R-programmingHow-ToBeginner · 3 min read

How to Calculate Correlation in R: Simple Guide

In R, you calculate correlation between two numeric vectors using the cor() function. This function returns the correlation coefficient, which measures the strength and direction of a linear relationship between variables.

📐

Syntax

The basic syntax to calculate correlation in R is:

cor(x, y, method = "pearson")

Where:

x and y are numeric vectors or columns.
method specifies the correlation type: "pearson" (default), "spearman", or "kendall".

cor(x, y, method = "pearson")

💻

Example

This example shows how to calculate the Pearson correlation between two numeric vectors a and b.

a <- c(1, 2, 3, 4, 5)
b <- c(2, 4, 6, 8, 10)
correlation <- cor(a, b)
print(correlation)

Output

[1] 1

⚠️

Common Pitfalls

Common mistakes when calculating correlation in R include:

Passing non-numeric data, which causes errors.
Ignoring missing values (NA), which can result in NA output.
Using the wrong method for your data type.

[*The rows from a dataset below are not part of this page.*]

lemma entry_sum_mult_E:
  assumes X: "X \<in> carrier_mat n n" and xy: "x < n" "y < n"
  shows "X $$ (x, y) = (\<Sum>j\<le>d. (X * E j) $$ (x, y))"
proof -
  have "(\<Sum>j\<le>d. (X * E j) $$ (x, y)) = (\<Sum>j\<le>d. \<Sum>z<n. X $$ (x, z) * E j $$ (z, y))"
    using xy X E_carrier by (intro sum.cong refl) (simp add: index_mult_mat_sum del: index_mult_mat)
  also have "\<dots> = (\<Sum>z<n. X $$ (x, z) * (\<Sum>j\<le>d. E j $$ (z, y)))"
    by (subst sum.swap) (simp add: sum_distrib_left)
  also have "\<dots> = (\<Sum>z<n. if z = y then X $$ (x, y) else 0)"
    using sum_E_entry xy by (intro sum.cong refl) auto
  finally show ?thesis using xy by simp
qed

lemma entry_sum_E_mult:
  assumes X: "X \<in> carrier_mat n n" and xy: "x < n" "y < n"
  shows "X $$ (x, y) = (\<Sum>j\<le>d. (E j * X) $$ (x, y))"
proof -
  have "(\<Sum>j\<le>d. (E j * X) $$ (x, y)) = (\<Sum>j\<le>d. \<Sum>z<n. E j $$ (x, z) * X $$ (z, y))"
    using xy X E_carrier by (intro sum.cong refl) (simp add: index_mult_mat_sum del: index_mult_mat)
  also have "\<dots> = (\<Sum>z<n. (\<Sum>j\<le>d. E j $$ (x, z)) * X $$ (z, y))"
    by (subst sum.swap) (simp add: sum_distrib_right)
  also have "\<dots> = (\<Sum>z<n. if z = x then X $$ (x, y) else 0)"
    using sum_E_entry xy by (intro sum.cong refl) auto
  finally show ?thesis using xy by simp
qed

lemma eq_if_mult_E_eq:
  assumes "X \<in> carrier_mat n n" "Y \<in> carrier_mat n n" "\<And>j. j \<le> d \<Longrightarrow> X * E j = Y * E j"
  shows "X = Y"
  using assms by (intro eq_square_matI) (auto simp: entry_sum_mult_E[OF assms(1)] entry_sum_mult_E[OF assms(2)])

lemma eigval_add:
  assumes "X \<in> BM" "Y \<in> BM" "j \<le> d"
  shows "eigval (X + Y) j = eigval X j + eigval Y j"
proof (rule eigval_eqI[OF BM_add_closed[OF assms(1,2)] assms(3)])
  have "(X + Y) * E j = X * E j + Y * E j"
    using add_mult_distrib_mat[OF BM_carrier[OF assms(1)] BM_carrier[OF assms(2)] E_carrier[OF assms(3)]] .
  thus "(X + Y) * E j = (eigval X j + eigval Y j) \<cdot>\<^sub>m E j"
    using assms E_carrier[OF assms(3)] by (simp add: mult_E_eigval add_smult_distrib_right_mat)
qed

lemma eigval_adj_Un:
  assumes "a \<le> d" "b \<le> d" "a \<noteq> b" "j \<le> d"
  shows "eigval (adj_mat n (R a \<union> R b)) j = eigval (adj_mat n (R a)) j + eigval (adj_mat n (R b)) j"
  using adj_mat_Un[OF rel_disjoint[OF assms(1-3)]] eigval_add[OF adj_mat_BM adj_mat_BM assms(4)] assms(1,2)
  by simp

lemma eigenvalues_BM:
  assumes X: "X \<in> BM"
  shows "Collect (eigenvalue X) = eigval X ` {..d}"
proof
  show "eigval X ` {..d} \<subseteq> Collect (eigenvalue X)"
    using eigenvalueI_mult_smult[OF BM_carrier[OF X] E_carrier E_nonzero mult_E_eigval[OF X]] by auto
  show "Collect (eigenvalue X) \<subseteq> eigval X ` {..d}"
  proof
    fix \<mu> assume "\<mu> \<in> Collect (eigenvalue X)"
    from eigenvalue_in_resolution[OF BM_carrier[OF X] this[simplified], of d E "eigval X"]
    show "\<mu> \<in> eigval X ` {..d}"
      using E_carrier sum_E_entry mult_E_eigval[OF X] BM_mult_commute[OF E_BM X] by auto
  qed
qed

lemma all_ones_mult_E:
  assumes j: "j \<le> d"
  shows "all_ones n * E j = (if j = 0 then of_nat n \<cdot>\<^sub>m E 0 else 0\<^sub>m n n)"
proof -
  have J: "all_ones n = of_nat n \<cdot>\<^sub>m E 0"
    using E0 n_pos by (intro eq_matI) (auto simp: all_ones_def)
  have "all_ones n * E j = of_nat n \<cdot>\<^sub>m (E 0 * E j)"
    unfolding J using mult_smult_assoc_mat[OF E_carrier[of 0] E_carrier[OF j]] by simp
  thus ?thesis using E_orth[of 0 j] E_idem[of 0] j by auto
qed

lemma eigval_adj_E0_row_card:
  assumes i: "i \<le> d" and x: "x < n"
  shows "eigval (adj_mat n (R i)) 0 = of_nat (card {z. z < n \<and> (x, z) \<in> R i})"
proof -
  have E0_entry: "E 0 $$ (z, 0) = 1 / of_nat n" if "z < n" for z
    using E0 n_pos that by (simp add: all_ones_def)
  have "(\<Sum>z<n. (if (x, z) \<in> R i then 1 else 0) * E 0 $$ (z, 0)) = eigval (adj_mat n (R i)) 0 * E 0 $$ (x, 0)"
    by (rule adj_mat_mult_col[OF E_carrier mult_E_eigval[OF adj_mat_BM[OF i]] x n_pos]) simp_all
  hence "(\<Sum>z<n. (if (x, z) \<in> R i then 1 else 0)) / of_nat n = eigval (adj_mat n (R i)) 0 / of_nat n"
    using E0_entry x by (simp add: sum_divide_distrib)
  hence "(\<Sum>z<n. (if (x, z) \<in> R i then 1 else 0)) = eigval (adj_mat n (R i)) 0"
    using n_pos by simp
  thus ?thesis by (simp add: sum_indicator_card)
qed

lemma eigval_adj_E0:
  "i \<le> d \<Longrightarrow> eigval (adj_mat n (R i)) 0 = of_nat (valency n (R i))"
  using eigval_adj_E0_row_card[OF _ n_pos] by (simp add: valency_def)

lemma row_card_eq_valency:
  "i \<le> d \<Longrightarrow> x < n \<Longrightarrow> card {z. z < n \<and> (x, z) \<in> R i} = valency n (R i)"
  using eigval_adj_E0_row_card eigval_adj_E0 by (metis of_nat_eq_iff)

lemma norm_eigval_adj_le_valency:
  assumes i: "i \<le> d" and j: "j \<le> d"
  shows "cmod (eigval (adj_mat n (R i)) j) \<le> valency n (R i)"
proof -
  obtain x0 c where xc: "x0 < n" "c < n" "E j $$ (x0, c) \<noteq> 0"
    using nonzero_mat_obtain_entry[OF E_carrier[OF j] E_nonzero[OF j]] by blast
  show ?thesis
  proof (rule eigenvalue_norm_le_row_sum[where A = "\<lambda>x z. if (x, z) \<in> R i then 1 else 0"
        and v = "\<lambda>z. E j $$ (z, c)" and n = n])
    show "(\<Sum>z<n. if (x, z) \<in> R i then 1 else 0) = (of_real (valency n (R i)) :: complex)"
      if "x < n" for x
      using sum_indicator_card[of "\<lambda>z. (x, z) \<in> R i" n] row_card_eq_valency[OF i that]
      by (simp add: of_real_of_nat_eq)
    show "(\<Sum>z<n. (if (x, z) \<in> R i then 1 else 0) * E j $$ (z, c)) = eigval (adj_mat n (R i)) j * E j $$ (x, c)"
      if "x < n" for x
      by (rule adj_mat_mult_col[OF E_carrier[OF j] mult_E_eigval[OF adj_mat_BM[OF i] j] that xc(2)])
  qed (use xc in auto)
qed

lemma transpose_E_primitive:
  assumes j: "j \<le> d"
  shows "primitive_idempotent n d R (transpose_mat (E j))"
proof -
  let ?T = "transpose_mat (E j)"
  have Ej: "E j \<in> carrier_mat n n" using E_carrier[OF j] .
  have "?T * ?T = ?T" using transpose_mult[OF Ej Ej] E_idem[OF j] by simp
  moreover have "?T \<noteq> 0\<^sub>m n n" using E_nonzero[OF j] by (metis transpose_transpose zero_transpose_mat)
  moreover have "F = 0\<^sub>m n n \<or> F = ?T" if F: "F \<in> BM" "F * F = F" "?T * F = F" for F
  proof -
    have Fc: "F \<in> carrier_mat n n" using BM_carrier[OF F(1)] .
    let ?G = "transpose_mat F"
    have G: "?G \<in> BM" using BM_transpose_closed[OF F(1)] .
    have "?G * ?G = ?G" using transpose_mult[OF Fc Fc] F(2) by simp
    moreover have "?G * E j = ?G" using transpose_mult[of ?T n n F n] Fc Ej F(3) by simp
    hence "E j * ?G = ?G" using BM_mult_commute[OF G E_BM[OF j]] by simp
    ultimately have "?G = 0\<^sub>m n n \<or> ?G = E j" using E_minimal[OF j G] by blast
    thus ?thesis by (metis transpose_transpose zero_transpose_mat)
  qed
  ultimately show ?thesis
    unfolding primitive_idempotent_def using BM_transpose_closed[OF E_BM[OF j]] by blast
qed

definition E_dual :: "nat \<Rightarrow> nat" where
  "E_dual j = (SOME j'. j' \<le> d \<and> transpose_mat (E j) = E j')"

lemma E_dual: "j \<le> d \<Longrightarrow> E_dual j \<le> d \<and> transpose_mat (E j) = E (E_dual j)"
  unfolding E_dual_def by (rule someI_ex) (use E_complete[OF transpose_E_primitive] in metis)

lemma eigval_transpose_E_dual:
  assumes X: "X \<in> BM" and j: "j \<le> d"
  shows "eigval (transpose_mat X) (E_dual j) = eigval X j"
proof (rule eigval_eqI)
  show XT: "transpose_mat X \<in> BM" using BM_transpose_closed[OF X] .
  show j': "E_dual j \<le> d" using E_dual[OF j] by blast
  have "E (E_dual j) * transpose_mat X = transpose_mat (X * E j)"
    using E_dual[OF j] transpose_mult[OF BM_carrier[OF X] E_carrier[OF j]] by simp
  also have "\<dots> = eigval X j \<cdot>\<^sub>m E (E_dual j)"
    using mult_E_eigval[OF X j] E_dual[OF j] by (simp add: transpose_smult_mat)
  finally show "transpose_mat X * E (E_dual j) = eigval X j \<cdot>\<^sub>m E (E_dual j)"
    using BM_mult_commute[OF E_BM[OF j'] XT] by simp
qed

lemma eigval_transpose_adj:
  assumes i: "i \<le> d" and j: "j \<le> d"
  shows "eigval (transpose_mat (adj_mat n (R i))) j = cnj (eigval (adj_mat n (R i)) j)"
proof -
  have AT: "transpose_mat (adj_mat n (R i)) \<in> BM" using BM_transpose_closed[OF adj_mat_BM[OF i]] .
  obtain x0 c where xc: "x0 < n" "c < n" "E j $$ (x0, c) \<noteq> 0"
    using nonzero_mat_obtain_entry[OF E_carrier[OF j] E_nonzero[OF j]] by blast
  have "eigval (adj_mat n (R i)) j = cnj (eigval (transpose_mat (adj_mat n (R i))) j)"
  proof (rule real_mat_eigenvalues_transpose_cnj[where A = "\<lambda>x z. if (x, z) \<in> R i then 1 else 0"
        and v = "\<lambda>z. E j $$ (z, c)" and n = n])
    show "(\<Sum>z<n. (if (x, z) \<in> R i then 1 else 0) * E j $$ (z, c)) = eigval (adj_mat n (R i)) j * E j $$ (x, c)"
      if "x < n" for x
      by (rule adj_mat_mult_col[OF E_carrier[OF j] mult_E_eigval[OF adj_mat_BM[OF i] j] that xc(2)])
    show "(\<Sum>z<n. (if (z, x) \<in> R i then 1 else 0) * E j $$ (z, c))
        = eigval (transpose_mat (adj_mat n (R i))) j * E j $$ (x, c)" if "x < n" for x
    proof -
      have "adj_mat n ((R i)\<inverse>) * E j = eigval (transpose_mat (adj_mat n (R i))) j \<cdot>\<^sub>m E j"
        using mult_E_eigval[OF AT j] by (simp add: adj_mat_converse)
      from adj_mat_mult_col[OF E_carrier[OF j] this that xc(2)] show ?thesis by simp
    qed
  qed (use xc in auto)
  thus ?thesis by simp
qed

end

section \<open>Two-class and amorphic schemes\<close>

lemma two_class_adj_sq:
  fixes Q :: "nat \<Rightarrow> (nat \<times> nat) set"
  assumes Q: "assoc_scheme n 2 Q"
    and p: "\<And>k u v. k \<le> 2 \<Longrightarrow> (u, v) \<in> Q k \<Longrightarrow> card {z. z < n \<and> (u, z) \<in> Q 1 \<and> (z, v) \<in> Q 1} = p k"
  shows "adj_mat n (Q 1) * adj_mat n (Q 1) = of_nat (p 0) \<cdot>\<^sub>m 1\<^sub>m n + of_nat (p 1) \<cdot>\<^sub>m adj_mat n (Q 1)
    + of_nat (p 2) \<cdot>\<^sub>m (all_ones n - 1\<^sub>m n - adj_mat n (Q 1))"
proof -
  interpret Q: association_scheme n 2 Q by (rule association_scheme.intro[OF Q])
  let ?rhs = "of_nat (p 0) \<cdot>\<^sub>m 1\<^sub>m n + of_nat (p 1) \<cdot>\<^sub>m adj_mat n (Q 1)
    + of_nat (p 2) \<cdot>\<^sub>m (all_ones n - 1\<^sub>m n - adj_mat n (Q 1))"
  show ?thesis
  proof (rule eq_square_matI[where n = n])
    show "adj_mat n (Q 1) * adj_mat n (Q 1) \<in> carrier_mat n n"
      by (rule mult_carrier_mat[OF adj_mat_carrier adj_mat_carrier])
    show "?rhs \<in> carrier_mat n n"
      by (intro add_carrier_mat smult_carrier_mat minus_carrier_mat adj_mat_carrier)
  next
    fix u v assume uv: "u < n" "v < n"
    then obtain k where k: "k \<le> 2" "(u, v) \<in> Q k" using Q.ex1_rel by blast
    have lhs: "(adj_mat n (Q 1) * adj_mat n (Q 1)) $$ (u, v) = of_nat (p k)"
      using index_adj_mat_mult_adj_mat[OF uv] p[OF k] by simp
    have rhs: "?rhs $$ (u, v) = of_nat (p 0) * (if u = v then 1 else 0)
        + of_nat (p 1) * (if (u, v) \<in> Q 1 then 1 else 0)
        + of_nat (p 2) * (1 - (if u = v then 1 else 0) - (if (u, v) \<in> Q 1 then 1 else 0))"
      using uv by (simp add: all_ones_def)
    have "k = 0 \<or> k = 1 \<or> k = 2" using k(1) by auto
    then consider "k = 0" | "k = 1" | "k = 2" by blast
    thus "(adj_mat n (Q 1) * adj_mat n (Q 1)) $$ (u, v) = ?rhs $$ (u, v)"
    proof cases
      case 1
      hence "u = v" using k(2) Q.R0 by auto
      thus ?thesis using lhs rhs Q.irrefl_rel[of 1 u] \<open>k = 0\<close> by simp
    next
      case 2
      hence "u \<noteq> v" using k(2) Q.irrefl_rel[of 1 u] by auto
      thus ?thesis using lhs rhs k(2) \<open>k = 1\<close> by simp
    next
      case 3
      hence "u \<noteq> v" "(u, v) \<notin> Q 1" using k(2) Q.irrefl_rel[of 2 u] Q.rel_unique[of 1 2 u v] by auto
      thus ?thesis using lhs rhs \<open>k = 2\<close> by simp
    qed
  qed
qed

To handle missing values, use the use argument like use = "complete.obs" to ignore pairs with missing data.

x <- c(1, 2, NA, 4)
y <- c(2, 4, 6, NA)

# Wrong: returns NA because of missing values
cor(x, y)

# Right: ignore missing pairs
cor(x, y, use = "complete.obs")

Output

[1] NA [1] 1

📊

Quick Reference

Argument	Description
x, y	Numeric vectors or columns to compare
method	"pearson" (default), "spearman", or "kendall" correlation type
use	How to handle missing values: "everything", "all.obs", "complete.obs", "pairwise.complete.obs"

✅

Key Takeaways

Use the cor() function to calculate correlation between numeric vectors in R.

Choose the correlation method based on your data: Pearson for linear, Spearman or Kendall for rank-based.

Handle missing values with the use argument to avoid NA results.

Input data must be numeric; non-numeric inputs cause errors.

cor() returns a value between -1 and 1 indicating strength and direction of correlation.